After devising that idea at Louisiana State University with his adviser, Albert Meier, Cincotta finished his graduate work and moved to Massachusetts General Hospital before leaving in the early 1990s to work full time at Ergo Science Corp., the company he cofounded in the Charlestown Navy Yard to work on the project.
David K. Stone, then a managing director and head of the biotechnology research team at the investment firm Cowen & Co., recalled meeting Cincotta then, while scouting for companies to take public. In 1995, Ergo Science raised $23 million in its initial offering. Later, it raised an additional $32 million in a second offering, and $20 million in a licensing and investment agreement with Johnson & Johnson.
In 1997, Ergo Science Corp. filed a new drug application with the FDA. Things moved along steadily until an advisory panel unanimously recommended against approving the drug, and the FDA rejected it in 1998 because of concerns that the risks outweighed the drug's benefits.
Cincotta was crushed, but, with a small team, decided to appeal the decision, even as the company was moving toward abandoning the drug.
The FDA then changed its position, telling the company that it could resubmit the drug for approval, but only after a large and expensive safety study. Ergo Science decided to sell the drug.
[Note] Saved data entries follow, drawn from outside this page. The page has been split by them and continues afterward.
lemma bip_proj_common_ray:
  assumes W: "watertight_mesh M"
    and x1: "x1 \<notin> exc_set M nf nv" and x2: "x2 \<notin> exc_set M nf nv"
    and T1: "T1 \<in> M" and T2: "T2 \<in> M" and \<sigma>: "\<sigma> \<in> {1, -1}"
    and proj1: "bip_proj nf nv T1 \<sigma> x1 s" and proj2: "bip_proj nf nv T2 \<sigma> x2 s"
  obtains l k w where "0 \<le> l" "0 \<le> k" "x1 - s = l *\<^sub>R w" "x2 - s = k *\<^sub>R w"
proof -
  obtain \<alpha> :: "nat \<Rightarrow> real" and l
    where A: "\<alpha> 0 > 0" "\<alpha> 1 > 0" "\<alpha> 2 > 0" "\<alpha> 0 + \<alpha> 1 + \<alpha> 2 = 1"
    "s = \<alpha> 0 *\<^sub>R vtx T1 0 + \<alpha> 1 *\<^sub>R vtx T1 1 + \<alpha> 2 *\<^sub>R vtx T1 2" "l \<ge> 0"
    "x1 = s + l *\<^sub>R (\<alpha> 0 *\<^sub>R align_dir nf nv T1 \<sigma> 0 + \<alpha> 1 *\<^sub>R align_dir nf nv T1 \<sigma> 1
                       + \<alpha> 2 *\<^sub>R align_dir nf nv T1 \<sigma> 2)"
    by (rule bip_proj_interior[OF x1 T1 \<sigma> proj1])
  obtain \<beta> :: "nat \<Rightarrow> real" and k
    where B: "\<beta> 0 > 0" "\<beta> 1 > 0" "\<beta> 2 > 0" "\<beta> 0 + \<beta> 1 + \<beta> 2 = 1"
    "s = \<beta> 0 *\<^sub>R vtx T2 0 + \<beta> 1 *\<^sub>R vtx T2 1 + \<beta> 2 *\<^sub>R vtx T2 2" "k \<ge> 0"
    "x2 = s + k *\<^sub>R (\<beta> 0 *\<^sub>R align_dir nf nv T2 \<sigma> 0 + \<beta> 1 *\<^sub>R align_dir nf nv T2 \<sigma> 1
                       + \<beta> 2 *\<^sub>R align_dir nf nv T2 \<sigma> 2)"
    by (rule bip_proj_interior[OF x2 T2 \<sigma> proj2])
  have "T1 = T2"
    using watertight_mesh_face_unique[OF W T1 T2 A(1-5)] tri_barycentricI[of \<beta> T2] B by simp
  moreover have "\<alpha> 0 = \<beta> 0 \<and> \<alpha> 1 = \<beta> 1 \<and> \<alpha> 2 = \<beta> 2"
  proof (rule barycentric_coords_unique)
    show "\<not> collinear {vtx T2 0, vtx T2 1, vtx T2 2}"
      by (rule watertight_mesh_not_collinear[OF W T2])
    show "\<alpha> 0 + \<alpha> 1 + \<alpha> 2 = \<beta> 0 + \<beta> 1 + \<beta> 2" using A(4) B(4) by simp
    show "\<alpha> 0 *\<^sub>R vtx T2 0 + \<alpha> 1 *\<^sub>R vtx T2 1 + \<alpha> 2 *\<^sub>R vtx T2 2
        = \<beta> 0 *\<^sub>R vtx T2 0 + \<beta> 1 *\<^sub>R vtx T2 1 + \<beta> 2 *\<^sub>R vtx T2 2"
      using A(5) B(5) unfolding \<open>T1 = T2\<close> by (rule trans[OF sym])
  qed
  moreover define w where "w = \<alpha> 0 *\<^sub>R align_dir nf nv T1 \<sigma> 0
    + \<alpha> 1 *\<^sub>R align_dir nf nv T1 \<sigma> 1 + \<alpha> 2 *\<^sub>R align_dir nf nv T1 \<sigma> 2"
  ultimately have "x1 - s = l *\<^sub>R w" "x2 - s = k *\<^sub>R w"
    using A(7) B(7) by simp_all
  with A(6) B(6) show thesis by (rule that)
qed

theorem lemma2:
  fixes M :: "face set" and nf :: "face \<Rightarrow> real^3" and nv :: "real^3 \<Rightarrow> real^3"
    and x1 x2 s :: "real^3"
  assumes "watertight_mesh M"
    and "valid_normals M nf nv"
    and "\<forall>x p. nearest_point M x p \<longrightarrow>
           (\<exists>T\<in>M. p \<in> tri T \<and> in_parallel nf nv T (orient M x) x)"
    and "x1 \<notin> exc_set M nf nv" and "x2 \<notin> exc_set M nf nv"
    and "disp_proj M nf nv x1 s" and "disp_proj M nf nv x2 s"
    and "signed_height M x1 s = signed_height M x2 s"
  shows "x1 = x2"
  using signed_height_eq_cases[OF assms(8)]
proof
  assume same: "orient M x1 = orient M x2 \<and> norm (x1 - s) = norm (x2 - s)"
  obtain T1 where T1: "T1 \<in> M" "bip_proj nf nv T1 (orient M x1) x1 s"
    by (rule disp_proj_bip_proj[OF assms(6)])
  obtain T2 where T2: "T2 \<in> M" "bip_proj nf nv T2 (orient M x1) x2 s"
    using disp_proj_bip_proj[OF assms(7)] same by metis
  obtain l k w where "0 \<le> l" "0 \<le> k" "x1 - s = l *\<^sub>R w" "x2 - s = k *\<^sub>R w"
    by (rule bip_proj_common_ray[OF assms(1,4,5) T1(1) T2(1) orient_cases T1(2) T2(2)])
  then show "x1 = x2" using same[THEN conjunct2] by (rule same_ray_same_length_eq)
qed auto

end
(* Let $F$ be a finite field of characteristic $2$, let $n\ge 1$, and let $R$ be an even integer. Then there is a finite set of homogeneous polynomials of degree $R+1$ in the coefficients $a_{ij}$ ($1\le i\le j\le n$), with coefficients in $F$, such that for every quadratic form $Q(x_1,\ldots,x_n)=\sum_{1\le i\le j\le n}a_{ij}x_ix_j$ over $F$, these polynomials all vanish at $(a_{ij})$ if and only if $\mathrm{Rank}(Q)\le R$.
   Context: The rank of a quadratic form $Q$ over a field $F$ is the minimal integer $m$ such that there exist a quadratic form $Q'$ over $F$ in $m$ variables and linear forms $L_1,\ldots,L_m$ over $F$ with $Q(x_1,\ldots,x_n)=Q'(L_1,\ldots,L_m)$. *)

theory Defs
  imports Main
begin

text \<open>A quadratic form in n variables over a field, given by its coefficients
  a i j for 1 \<le> i \<le> j \<le> n (other entries of a are ignored), evaluated at x.\<close>
definition qform :: "nat \<Rightarrow> (nat \<Rightarrow> nat \<Rightarrow> 'a::field) \<Rightarrow> (nat \<Rightarrow> 'a) \<Rightarrow> 'a" where
  "qform n a x = (\<Sum>i=1..n. \<Sum>j=i..n. a i j * x i * x j)"

definition qrank :: "nat \<Rightarrow> (nat \<Rightarrow> nat \<Rightarrow> 'a::field) \<Rightarrow> nat" where
  "qrank n a = (LEAST m. \<exists>(b :: nat \<Rightarrow> nat \<Rightarrow> 'a) (l :: nat \<Rightarrow> nat \<Rightarrow> 'a).
      \<forall>x. qform n a x = qform m b (\<lambda>k. \<Sum>i=1..n. l k i * x i))"

definition qvars :: "nat \<Rightarrow> (nat \<times> nat) set" where
  "qvars n = {(i, j). 1 \<le> i \<and> i \<le> j \<and> j \<le> n}"

text \<open>Monomials of total degree d in the variables qvars n, as exponent functions.\<close>
definition hmonos :: "nat \<Rightarrow> nat \<Rightarrow> ((nat \<times> nat) \<Rightarrow> nat) set" where
  "hmonos n d = {e. (\<forall>v. v \<notin> qvars n \<longrightarrow> e v = 0) \<and> (\<Sum>v\<in>qvars n. e v) = d}"

text \<open>A homogeneous polynomial of degree d in the variables qvars n, with coefficients
  in 'a, is given by its coefficient function on monomials, supported on hmonos n d.\<close>
definition homog_poly :: "nat \<Rightarrow> nat \<Rightarrow> (((nat \<times> nat) \<Rightarrow> nat) \<Rightarrow> 'a::field) \<Rightarrow> bool" where
  "homog_poly n d p \<longleftrightarrow> (\<forall>e. p e \<noteq> 0 \<longrightarrow> e \<in> hmonos n d)"

definition eval_homog :: "nat \<Rightarrow> nat \<Rightarrow> (((nat \<times> nat) \<Rightarrow> nat) \<Rightarrow> 'a::field)
    \<Rightarrow> (nat \<Rightarrow> nat \<Rightarrow> 'a) \<Rightarrow> 'a" where
  "eval_homog n d p a = (\<Sum>e\<in>hmonos n d. p e * (\<Prod>v\<in>qvars n. a (fst v) (snd v) ^ e v))"

end

theory Submission
  imports Defs
begin

text \<open>
  Since F is finite we may take ALL such polynomials vanishing on the
  forms of rank at most R; the content is that for every form Q of rank > 2k there is one such
  polynomial not vanishing at Q. It is built from Pfaffians of Gram matrices of the polar form:
  a form of rank > 2k either contains a symplectic family of k + 1 hyperbolic pairs, whose Gram
  Pfaffian is a polynomial of degree k + 1 in the coefficients, or k pairs plus an orthogonal
  anisotropic vector z, in which case Q evaluated at the adjugate vector of the family
  (a polynomial of degree 2k + 1) equals Q(z). Both vanish on forms of rank at most 2k, because
  such forms factor through at most 2k linear forms, making the vectors involved linearly
  dependent. Padding with powers of a nonzero coefficient gives degree exactly 2k + 1.
\<close>

section \<open>Arithmetic in characteristic 2\<close>

lemma char2_double:
  assumes "CHAR('a::ring_1) = 2"
  shows "(x::'a) + x = 0"
  using uminus_CHAR_2[OF assms, of x] by (metis add.right_inverse)

lemma char2_square_add:
  assumes "CHAR('a::comm_ring_1) = 2"
  shows "((x::'a) + y) ^ 2 = x ^ 2 + y ^ 2"
  using char2_double[OF assms, of "x * y"] by (simp add: power2_eq_square algebra_simps)

lemma char2_square_sum:
  assumes "CHAR('a::comm_ring_1) = 2" "finite L"
  shows "(\<Sum>l\<in>L. (t l :: 'a)) ^ 2 = (\<Sum>l\<in>L. t l ^ 2)"
  using assms(2) by (induction L rule: finite_induct) (auto simp: char2_square_add[OF assms(1)])

text \<open>Over a finite field of characteristic 2 the Frobenius map is injective, hence
  surjective: every element is a square.\<close>

lemma char2_square_root:
  assumes "CHAR('a::{field,finite}) = 2"
  shows "\<exists>r::'a. r ^ 2 = c"
proof -
  have "inj (\<lambda>x::'a. x ^ 2)"
  proof (rule injI)
    fix x y :: 'a
    assume "x ^ 2 = y ^ 2"
    then have "(x + y) ^ 2 = 0"
      using char2_square_add[OF assms, of x y] char2_double[OF assms, of "y ^ 2"] by simp
    then have "x = - y" by (simp add: eq_neg_iff_add_eq_0)
    then show "x = y" using uminus_CHAR_2[OF assms] by simp
  qed
  then have "surj (\<lambda>x::'a. x ^ 2)" by (rule finite_UNIV_inj_surj[OF finite_UNIV])
  then show ?thesis by (metis surjD)
qed

section \<open>Pfaffians\<close>

text \<open>The (sign-free) Pfaffian of a matrix g on a finite index set I, defined by expansion
  along the row of the least index. Signs are irrelevant in characteristic 2, which is the
  only setting where it is used; odd index sets get Pfaffian 0.\<close>

function pfaff :: "(nat \<Rightarrow> nat \<Rightarrow> 'a::comm_ring_1) \<Rightarrow> nat set \<Rightarrow> 'a" where
  "pfaff g I = (if finite I \<and> I \<noteq> {}
     then (\<Sum>j\<in>I - {Min I}. g (Min I) j * pfaff g (I - {Min I, j})) else 1)"
  by auto
termination
proof (relation "measure (\<lambda>(g, I). card I)")
  fix g :: "nat \<Rightarrow> nat \<Rightarrow> 'a" and I :: "nat set" and j :: nat
  assume "finite I \<and> I \<noteq> {}" "j \<in> I - {Min I}"
  then have "card (I - {Min I, j}) < card I"
    by (intro psubset_card_mono) auto
  then show "((g, I - {Min I, j}), (g, I)) \<in> measure (\<lambda>(g, I). card I)"
    by simp
qed simp

declare pfaff.simps [simp del]

lemma pfaff_empty [simp]: "pfaff g {} = 1"
  by (simp add: pfaff.simps)

text \<open>The defining recursion for nonempty finite index sets (the defining equation itself is
  not a simp rule, since it would unfold indefinitely).\<close>

lemma pfaff_rec:
  assumes "finite I" "I \<noteq> {}"
  shows "pfaff g I = (\<Sum>j\<in>I - {Min I}. g (Min I) j * pfaff g (I - {Min I, j}))"
  using assms by (subst pfaff.simps) simp

lemma pfaff_cong:
  assumes "finite I" "\<And>x y. x \<in> I \<Longrightarrow> y \<in> I \<Longrightarrow> g x y = g' x y"
  shows "pfaff g I = pfaff g' I"
  using assms
proof (induction g I rule: pfaff.induct)
  case (1 g I)
  show ?case
  proof (cases "I = {}")
    case False
    with "1.prems" have "Min I \<in> I" by simp
    with 1 False show ?thesis by (auto simp: pfaff_rec intro!: sum.cong)
  qed simp
qed

lemma sum_offdiag_swap:
  assumes "finite A"
  shows "(\<Sum>p\<in>A. \<Sum>j\<in>A - {p}. F p j) = (\<Sum>j\<in>A. \<Sum>p\<in>A - {j}. F p j)"
proof -
  have "(\<Sum>p\<in>A. \<Sum>j\<in>{j \<in> A. p \<noteq> j}. F p j) = (\<Sum>j\<in>A. \<Sum>p\<in>{p \<in> A. p \<noteq> j}. F p j)"
    by (rule sum.swap_restrict[OF assms assms])
  moreover have "\<And>p. {j \<in> A. p \<noteq> j} = A - {p}" "\<And>j. {p \<in> A. p \<noteq> j} = A - {j}" by auto
  ultimately show ?thesis by simp
qed
definition complete_dvr :: "('v, 'x) ring_scheme \<Rightarrow> 'v \<Rightarrow> bool" where
  "complete_dvr V p \<longleftrightarrow>
     domain V \<and> p \<in> carrier V \<and> p \<noteq> \<zero>\<^bsub>V\<^esub> \<and> p \<notin> Units V \<and>
     (\<forall>x\<in>carrier V. x \<noteq> \<zero>\<^bsub>V\<^esub> \<longrightarrow>
        (\<exists>u\<in>Units V. \<exists>n::nat. x = u \<otimes>\<^bsub>V\<^esub> (p [^]\<^bsub>V\<^esub> n))) \<and>
     (\<forall>x::nat \<Rightarrow> 'v. (\<forall>n. x n \<in> carrier V) \<and>
        (\<forall>n. x (Suc n) \<ominus>\<^bsub>V\<^esub> x n \<in> pi_ideal V p n) \<longrightarrow>
        (\<exists>y\<in>carrier V. \<forall>n. x n \<ominus>\<^bsub>V\<^esub> y \<in> pi_ideal V p n))"

definition pi_mult :: "('v, 'x) ring_scheme \<Rightarrow> ('v, 'm) module \<Rightarrow> 'v \<Rightarrow> nat \<Rightarrow> 'm set \<Rightarrow> 'm set" where
  "pi_mult V M p n T = (\<lambda>t. (p [^]\<^bsub>V\<^esub> n) \<odot>\<^bsub>M\<^esub> t) ` T"

text \<open>T is pi-adically complete: separated and every pi-adic Cauchy sequence in T
  has a limit in T (i.e. T \<rightarrow> lim T/pi^n T is bijective).\<close>
definition padic_complete :: "('v, 'x) ring_scheme \<Rightarrow> ('v, 'm) module \<Rightarrow> 'v \<Rightarrow> 'm set \<Rightarrow> bool" where
  "padic_complete V M p T \<longleftrightarrow>
     (\<Inter>n. pi_mult V M p n T) = {\<zero>\<^bsub>M\<^esub>} \<and>
     (\<forall>x::nat \<Rightarrow> 'm. (\<forall>n. x n \<in> T) \<and>
        (\<forall>n. x (Suc n) \<ominus>\<^bsub>M\<^esub> x n \<in> pi_mult V M p n T) \<longrightarrow>
        (\<exists>y\<in>T. \<forall>n. x n \<ominus>\<^bsub>M\<^esub> y \<in> pi_mult V M p n T))"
"What often happens is a drug looks OK, but not great, and you need to go on and do more studies, larger studies," Stone said. "If either investors or corporate partners decide they don't want to try again . . . as a small, money-losing biotech company you don't always get a second chance."
Eventually, Ergo Science sold the drug to Pliva, a company in Croatia. Cincotta worked on raising money to run the large clinical trial required by the FDA, founded VeroScience in the meantime, and finally bought the drug back.
It's hard to say when the drug will make it to market. Steve Yoo, a research associate at the New York offices of investment bank Leerink Swann, said the drug will enter a field where many therapies and many classes of drugs already exist. He, like many others interviewed, had not previously heard of VeroScience or its drug. He noted that not every drug that gets approved makes it big. Exubera, for example, an inhalable insulin marketed by Pfizer, was approved among much excitement, but it never caught on.
Cincotta is charging ahead. While searching for a marketing partner, he is hatching plans to investigate the mechanism of Cycloset, which is unknown, and to do more studies.
"Did I think it would take 30 years to get . . . to where we are today?" Cincotta said, thinking back to his graduate school days, when he thought bringing the drug to market wouldn't take long.
"I was ultra, ultra naïve at that point. I was a kid. It took a lot longer than just a few years."